- **What needs to be done**
In the records below, find the line that contains "a = transition" and the line that contains "l $ a = mpow", then retype exactly those two lines and every line between them.

- **Records to use**
(* Let $X$ be a graph with real symmetric Hamiltonian $M$ and transition matrix $U(t)=e^{-\mathrm{i}tM}$. Let $a\ne b$ be cospectral vertices of $X$ and $s\in\mathbb{C}\setminus\{0\}$. If $\mathbf e_a+s\mathbf e_b$ is periodic at time $\tau$, i.e. $U(\tau)(\mathbf e_a+s\mathbf e_b)=\eta(\mathbf e_a+s\mathbf e_b)$ for some $|\eta|=1$, then either $s=\pm1$, or both $a$ and $b$ are periodic at time $\tau$, i.e. $U(\tau)\mathbf e_a=\eta\mathbf e_a$ and $U(\tau)\mathbf e_b=\eta\mathbf e_b$.
   Context: Vertices $a,b$ are cospectral (with respect to $M$) if $(M^h)_{a,a}=(M^h)_{b,b}$ for all integers $h\ge0$, equivalently $(E_\lambda)_{a,a}=(E_\lambda)_{b,b}$ for every spectral projection $E_\lambda$ of $M$. *)

theory Defs
  imports "HOL-Analysis.Analysis"
begin

definition mpow :: "'a::semiring_1^'n^'n \<Rightarrow> nat \<Rightarrow> 'a^'n^'n" where
  "mpow A k = ((\<lambda>B. A ** B) ^^ k) (mat 1)"

definition mexp :: "complex^'n^'n \<Rightarrow> complex^'n^'n" where
  "mexp A = (\<Sum>k. (inverse (fact k) :: real) *\<^sub>R mpow A k)"

definition transition :: "real^'n^'n \<Rightarrow> real \<Rightarrow> complex^'n^'n" where
  "transition M t = mexp (\<chi> i j. - \<i> * complex_of_real t * complex_of_real (M $ i $ j))"

definition evec :: "'n \<Rightarrow> complex^'n" where
  "evec a = (\<chi> i. if i = a then 1 else 0)"

definition cospectral :: "real^'n^'n \<Rightarrow> 'n \<Rightarrow> 'n \<Rightarrow> bool" where
  "cospectral M a b \<longleftrightarrow> (\<forall>h. mpow M h $ a $ a = mpow M h $ b $ b)"

end

theory Submission
  imports Defs
begin

text \<open>Write \<open>U = U(\<tau>)\<close>. Since \<open>M\<close> is symmetric, so is \<open>U\<close>; cospectrality gives
\<open>U\<^sub>a\<^sub>a = U\<^sub>b\<^sub>b\<close>; and \<open>U\<close> is unitary, so each of its columns is a unit vector. Reading off
the \<open>a\<close>- and \<open>b\<close>-entries of \<open>U(e\<^sub>a + s e\<^sub>b) = \<eta>(e\<^sub>a + s e\<^sub>b)\<close> gives
\<open>U\<^sub>a\<^sub>a + s U\<^sub>a\<^sub>b = \<eta>\<close> and \<open>U\<^sub>a\<^sub>b + s U\<^sub>a\<^sub>a = s \<eta>\<close>, hence \<open>(1 - s\<^sup>2) U\<^sub>a\<^sub>b = 0\<close>.
Either \<open>s = \<plusminus>1\<close>, or \<open>U\<^sub>a\<^sub>b = 0\<close> and then \<open>U\<^sub>a\<^sub>a = U\<^sub>b\<^sub>b = \<eta>\<close>; a unit column whose
diagonal entry has modulus one vanishes off the diagonal, so \<open>U e\<^sub>a = \<eta> e\<^sub>a\<close> and
\<open>U e\<^sub>b = \<eta> e\<^sub>b\<close>.\<close>

lemma mpow_0 [simp]: "mpow A 0 = mat 1"
  by (simp add: mpow_def)

lemma mpow_Suc: "mpow A (Suc k) = A ** mpow A k"
  by (simp add: mpow_def)

lemma mpow_commute: "mpow A k ** A = A ** mpow A k"
proof (induction k)
  case (Suc k)
  then show ?case by (simp add: mpow_Suc flip: matrix_mul_assoc)
qed simp

lemma mpow_add: "mpow A p ** mpow A q = mpow A (p + q)"
  by (induction p) (simp_all add: mpow_Suc flip: matrix_mul_assoc)

lemma symmetric_mpow:
  fixes A :: "'a::comm_semiring_1^'n^'n"
  assumes "transpose A = A"
  shows "transpose (mpow A k) = mpow A k"
proof (induction k)
  case (Suc k)
  then show ?case
    using assms by (simp add: mpow_Suc matrix_transpose_mul mpow_commute)
qed simp

lemma mpow_scaled_of_real_nth:
  fixes z :: "'a::{real_algebra_1, comm_ring_1}"
  shows "mpow (\<chi> i j. z * of_real (M $ i $ j)) k $ i $ j = z ^ k * of_real (mpow M k $ i $ j)"
  by (induction k arbitrary: i j)
     (simp_all add: mat_def mpow_Suc matrix_matrix_mult_def sum_distrib_left mult_ac)

lemma abs_mpow_nth_le:
  fixes M :: "real^'n^'n"
  shows "\<bar>mpow M k $ i $ j\<bar> \<le> (\<Sum>i\<in>UNIV. \<Sum>j\<in>UNIV. \<bar>M $ i $ j\<bar>) ^ k"
proof (induction k arbitrary: i j)
  case 0
  then show ?case by (simp add: mat_def)
next
  case (Suc k)
  define S where "S = (\<Sum>i\<in>UNIV. \<Sum>j\<in>UNIV. \<bar>M $ i $ j\<bar>)"
  have "\<bar>mpow M (Suc k) $ i $ j\<bar> = \<bar>\<Sum>l\<in>UNIV. M $ i $ l * mpow M k $ l $ j\<bar>"
    by (simp add: mpow_Suc matrix_matrix_mult_def)
  also have "\<dots> \<le> (\<Sum>l\<in>UNIV. \<bar>M $ i $ l\<bar>) * S ^ k"
    unfolding sum_distrib_right
    by (rule order_trans[OF sum_abs])
       (auto intro!: sum_mono mult_left_mono simp: abs_mult Suc[folded S_def])
  also have "\<dots> \<le> S * S ^ k"
  proof (rule mult_right_mono)
    show "(\<Sum>l\<in>UNIV. \<bar>M $ i $ l\<bar>) \<le> S"
      unfolding S_def
      by (rule member_le_sum[where f = "\<lambda>i. \<Sum>l\<in>UNIV. \<bar>M $ i $ l\<bar>"]) (auto intro: sum_nonneg)
    show "0 \<le> S ^ k"
      unfolding S_def by (auto intro!: zero_le_power sum_nonneg)
  qed
  finally show ?case by (simp add: S_def)
qed

lemma norm_vec_le_sum_norm_nth: "norm (x :: 'a::real_normed_vector^'n) \<le> (\<Sum>i\<in>UNIV. norm (x $ i))"
  unfolding norm_vec_def by (rule L2_set_le_sum) auto

lemma suminf_matrix_nth:
  fixes f :: "nat \<Rightarrow> 'a::banach^'n^'m"
  assumes "\<And>i j. summable (\<lambda>k. norm (f k $ i $ j))"
  shows "suminf f $ i $ j = (\<Sum>k. f k $ i $ j)"
proof -
  have "summable f"
  proof (rule summable_comparison_test'[where N = 0])
    show "summable (\<lambda>k. \<Sum>i\<in>UNIV. \<Sum>j\<in>UNIV. norm (f k $ i $ j))"
      by (intro summable_sum assms)
    show "norm (f k) \<le> (\<Sum>i\<in>UNIV. \<Sum>j\<in>UNIV. norm (f k $ i $ j))" for k
      by (rule order_trans[OF norm_vec_le_sum_norm_nth]) (intro sum_mono norm_vec_le_sum_norm_nth)
  qed
  then have "summable (\<lambda>k. f k $ i)"
    by (rule bounded_linear.summable[OF bounded_linear_vec_nth])
  with \<open>summable f\<close> show ?thesis
    using bounded_linear.suminf[OF bounded_linear_vec_nth] by metis
qed

definition exp_term :: "complex \<Rightarrow> real^'n^'n \<Rightarrow> 'n \<Rightarrow> 'n \<Rightarrow> nat \<Rightarrow> complex" where
  "exp_term z M i j k = of_real (inverse (fact k)) * z ^ k * of_real (mpow M k $ i $ j)"

lemma summable_norm_exp_term: "summable (\<lambda>k. norm (exp_term z M i j k))"
proof (rule summable_comparison_test'[where N = 0])
  define S where "S = (\<Sum>i\<in>UNIV. \<Sum>j\<in>UNIV. \<bar>M $ i $ j\<bar>)"
  show "summable (\<lambda>k. (cmod z * S) ^ k /\<^sub>R fact k)"
    by (rule summable_exp_generic)
  show "norm (norm (exp_term z M i j k)) \<le> (cmod z * S) ^ k /\<^sub>R fact k" for k
  proof -
    have "norm (norm (exp_term z M i j k)) = inverse (fact k) * cmod z ^ k * \<bar>mpow M k $ i $ j\<bar>"
      by (simp add: exp_term_def norm_mult norm_power norm_inverse)
    also have "\<dots> \<le> inverse (fact k) * cmod z ^ k * S ^ k"
      using abs_mpow_nth_le[of M k i j] by (intro mult_left_mono) (auto simp: S_def)
    finally show ?thesis
      by (simp add: power_mult_distrib divide_inverse mult_ac)
  qed
qed

lemma summable_exp_term: "summable (exp_term z M i j)"
  using summable_norm_exp_term summable_norm_cancel by blast

lemma transition_nth: "transition M t $ i $ j = (\<Sum>k. exp_term (- \<i> * of_real t) M i j k)"
proof -
  define z where "z = - \<i> * complex_of_real t"
  define f where "f k = (inverse (fact k) :: real) *\<^sub>R mpow (\<chi> i j. z * of_real (M $ i $ j)) k" for k
  have f_nth: "f k $ i $ j = exp_term z M i j k" for k i j
    unfolding f_def vector_scaleR_component mpow_scaled_of_real_nth
    by (simp add: exp_term_def scaleR_conv_of_real mult.assoc)
  have "transition M t = suminf f"
    unfolding transition_def mexp_def f_def z_def ..
  then show ?thesis
    using suminf_matrix_nth[of f] by (simp add: f_nth z_def summable_norm_exp_term)
qed

lemma cnj_transition_nth: "cnj (transition M t $ i $ j) = (\<Sum>k. exp_term (\<i> * of_real t) M i j k)"
proof -
  have "exp_term (- \<i> * of_real t) M i j sums transition M t $ i $ j"
    by (simp add: transition_nth summable_sums summable_exp_term)
  then have "(\<lambda>k. cnj (exp_term (- \<i> * of_real t) M i j k)) sums cnj (transition M t $ i $ j)"
    by (simp only: sums_cnj)
  then show ?thesis
    by (simp add: exp_term_def sums_iff)
qed

lemma symmetric_transition:
  assumes "transpose M = M"
  shows "transition M t $ i $ j = transition M t $ j $ i"
proof -
  have "mpow M k $ i $ j = mpow M k $ j $ i" for k
    using symmetric_mpow[OF assms, of k] by (metis transpose_def vec_lambda_beta)
  then show ?thesis
    by (simp add: transition_nth exp_term_def)
qed

lemma cospectral_transition_diag:
  assumes "cospectral M a b"
  shows "transition M t $ a $ a = transition M t $ b $ b"
  using assms by (simp add: transition_nth exp_term_def cospectral_def)

lemma exp_term_neg_mult_exp_term:
  assumes "transpose M = M" and "p \<le> m"
  shows "exp_term (- z) M l a p * exp_term z M l a (m - p) =
     of_nat (m choose p) * ((-1) ^ p * (z ^ m / fact m))
       * of_real (mpow M p $ a $ l * mpow M (m - p) $ l $ a)"
proof -
  have sym: "mpow M p $ l $ a = mpow M p $ a $ l"
    using symmetric_mpow[OF assms(1), of p] by (metis transpose_def vec_lambda_beta)
  have binom: "(of_nat (m choose p) :: complex) = fact m / (fact p * fact (m - p))"
    by (rule binomial_fact[OF assms(2)])
  have zm: "z ^ m = z ^ p * z ^ (m - p)"
    using assms(2) by (simp add: power_add[symmetric])
  have "(fact m / (fact p * fact (m - p)) :: complex) * ((-1) ^ p * (z ^ p * z ^ (m - p) / fact m))
       = (-1) ^ p * z ^ p * z ^ (m - p) * (inverse (fact p) * inverse (fact (m - p)))"
    by (simp add: divide_inverse mult_ac)
  then show ?thesis
    unfolding exp_term_def sym binom zm power_minus[of z p]
    by (simp add: mult_ac)
qed

text \<open>These are the Cauchy-product coefficients of \<open>\<Sum>\<^sub>l cnj U\<^sub>l\<^sub>a U\<^sub>l\<^sub>a\<close>. By symmetry of \<open>M\<close>
the sum over \<open>l\<close> collapses to \<open>(M\<^sup>m)\<^sub>a\<^sub>a\<close>, leaving an alternating binomial sum.\<close>

lemma sum_Cauchy_product_exp_term:
  assumes "transpose M = M"
  shows "(\<Sum>l\<in>UNIV. \<Sum>p\<le>m. exp_term (- z) M l a p * exp_term z M l a (m - p))
           = (if m = 0 then 1 else 0)"
proof -
  have collapse: "(\<Sum>l\<in>UNIV. mpow M p $ a $ l * mpow M (m - p) $ l $ a) = mpow M m $ a $ a"
    if "p \<le> m" for p
    using mpow_add[of M p "m - p"] that by (simp add: matrix_matrix_mult_def vec_eq_iff)
  have "(\<Sum>l\<in>UNIV. \<Sum>p\<le>m. exp_term (- z) M l a p * exp_term z M l a (m - p))
     = (\<Sum>p\<le>m. \<Sum>l\<in>UNIV. exp_term (- z) M l a p * exp_term z M l a (m - p))"
    by (rule sum.swap)
  also have "\<dots> = (\<Sum>p\<le>m. of_nat (m choose p) * ((-1) ^ p * (z ^ m / fact m))
                      * of_real (\<Sum>l\<in>UNIV. mpow M p $ a $ l * mpow M (m - p) $ l $ a))"
    by (intro sum.cong refl) (simp add: exp_term_neg_mult_exp_term[OF assms] sum_distrib_left)
  also have "\<dots> = (\<Sum>p\<le>m. ((-1) ^ p * of_nat (m choose p))
                      * (z ^ m / fact m * of_real (mpow M m $ a $ a)))"
    by (intro sum.cong refl) (simp only: atMost_iff collapse mult_ac)
  also have "\<dots> = (if m = 0 then 1 else 0)"
    unfolding sum_distrib_right[symmetric]
    by (cases "m = 0") (simp_all add: mat_def choose_alternating_sum)
  finally show ?thesis .
qed

lemma sum_norm_transition_column:
  assumes "transpose M = M"
  shows "(\<Sum>l\<in>UNIV. (cmod (transition M t $ l $ a))\<^sup>2) = 1"
proof -
  define z where "z = - \<i> * complex_of_real t"
  have neg_z: "\<i> * complex_of_real t = - z"
    by (simp add: z_def)
  have "(\<lambda>m. \<Sum>p\<le>m. exp_term (- z) M l a p * exp_term z M l a (m - p)) sums
          (cnj (transition M t $ l $ a) * transition M t $ l $ a)" for l
    unfolding cnj_transition_nth neg_z unfolding transition_nth z_def[symmetric]
    by (rule Cauchy_product_sums[OF summable_norm_exp_term summable_norm_exp_term])
  then have "(\<lambda>m. \<Sum>l\<in>UNIV. \<Sum>p\<le>m. exp_term (- z) M l a p * exp_term z M l a (m - p)) sums
               (\<Sum>l\<in>UNIV. cnj (transition M t $ l $ a) * transition M t $ l $ a)"
    by (rule sums_sum)
  then have "(\<lambda>m. if m = 0 then 1 else 0) sums
               (\<Sum>l\<in>UNIV. cnj (transition M t $ l $ a) * transition M t $ l $ a)"
    by (simp only: sum_Cauchy_product_exp_term[OF assms])
  then have "(\<Sum>l\<in>UNIV. cnj (transition M t $ l $ a) * transition M t $ l $ a) = 1"
    using sums_single[of 0 "\<lambda>_. 1 :: complex"] sums_unique2 by fastforce
  moreover have "cnj x * x = of_real ((cmod x)\<^sup>2)" for x
    using complex_norm_square[of x] by (simp add: mult.commute)
  ultimately have "complex_of_real (\<Sum>l\<in>UNIV. (cmod (transition M t $ l $ a))\<^sup>2) = 1"
    by (simp only: of_real_sum)
  then show ?thesis
    using of_real_eq_1_iff by blast
qed

lemma matrix_vector_mult_evec_nth: "(A *v evec c) $ i = A $ i $ c"
  by (simp add: matrix_vector_mult_def evec_def if_distrib cong: if_cong)

lemma transition_evec_eigen_if_diag:
  assumes "transpose M = M" and "transition M t $ c $ c = \<eta>" and "cmod \<eta> = 1"
  shows "transition M t *v evec c = \<eta> *s evec c"
proof -
  define U where "U = transition M t"
  have "(\<Sum>l\<in>UNIV. (cmod (U $ l $ c))\<^sup>2) = (cmod (U $ c $ c))\<^sup>2 + (\<Sum>l\<in>UNIV - {c}. (cmod (U $ l $ c))\<^sup>2)"
    by (simp add: sum.remove)
  then have "(\<Sum>l\<in>UNIV - {c}. (cmod (U $ l $ c))\<^sup>2) = 0"
    using sum_norm_transition_column[OF assms(1)] assms(2,3) by (simp add: U_def)
  then have "U $ l $ c = 0" if "l \<noteq> c" for l
    using that by (subst (asm) sum_nonneg_eq_0_iff) auto
  then show ?thesis
    unfolding U_def[symmetric] vec_eq_iff vector_smult_component matrix_vector_mult_evec_nth
    using assms(2) by (auto simp: evec_def U_def)
qed

theorem mainTheorem3:
  fixes M :: "real^'n^'n" and a b :: 'n and s \<eta> :: complex and \<tau> :: real
  assumes "transpose M = M"
    and "a \<noteq> b"
    and "cospectral M a b"
    and "s \<noteq> 0"
    and "cmod \<eta> = 1"
    and "transition M \<tau> *v (evec a + s *s evec b) = \<eta> *s (evec a + s *s evec b)"
  shows "s = 1 \<or> s = -1 \<or>
         (transition M \<tau> *v evec a = \<eta> *s evec a \<and> transition M \<tau> *v evec b = \<eta> *s evec b)"
proof -
  define U where "U = transition M \<tau>"
  have sym: "U $ b $ a = U $ a $ b"
    unfolding U_def by (rule symmetric_transition[OF assms(1)])
  have diag: "U $ b $ b = U $ a $ a"
    unfolding U_def by (rule cospectral_transition_diag[OF assms(3), symmetric])
  have eigen: "U *v evec a + s *s (U *v evec b) = \<eta> *s (evec a + s *s evec b)"
    using assms(6) by (simp add: U_def matrix_vector_right_distrib vector_scalar_commute)
  have row_a: "U $ a $ a + s * U $ a $ b = \<eta>"
    using arg_cong[OF eigen, of "\<lambda>v. v $ a"] assms(2)
    unfolding vector_add_component vector_smult_component matrix_vector_mult_evec_nth
    by (simp add: evec_def)
  have row_b: "U $ a $ b + s * U $ a $ a = \<eta> * s"
    using arg_cong[OF eigen, of "\<lambda>v. v $ b"] assms(2)
    unfolding vector_add_component vector_smult_component matrix_vector_mult_evec_nth
    by (simp add: evec_def sym diag)
  have "(1 - s\<^sup>2) * U $ a $ b = (U $ a $ b + s * U $ a $ a) - s * (U $ a $ a + s * U $ a $ b)"
    by (simp add: algebra_simps power2_eq_square)
  then have "(1 - s\<^sup>2) * U $ a $ b = 0"
    by (simp add: row_a row_b)
  then consider "s\<^sup>2 = 1" | "U $ a $ b = 0"
    by auto
  then show ?thesis
  proof cases
    case 2
    then have "U $ a $ a = \<eta>" "U $ b $ b = \<eta>"
      using row_a diag by auto
    then show ?thesis
      using transition_evec_eigen_if_diag[OF assms(1) _ assms(5)] by (simp add: U_def)
  qed (auto simp: power2_eq_1_iff)
qed

end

- **Solution for this exercise**
  shows "transition M t $ a $ a = transition M t $ b $ b"
  using assms by (simp add: transition_nth exp_term_def cospectral_def)

lemma exp_term_neg_mult_exp_term:
  assumes "transpose M = M" and "p \<le> m"
  shows "exp_term (- z) M l a p * exp_term z M l a (m - p) =
     of_nat (m choose p) * ((-1) ^ p * (z ^ m / fact m))
       * of_real (mpow M p $ a $ l * mpow M (m - p) $ l $ a)"
proof -
  have sym: "mpow M p $ l $ a = mpow M p $ a $ l"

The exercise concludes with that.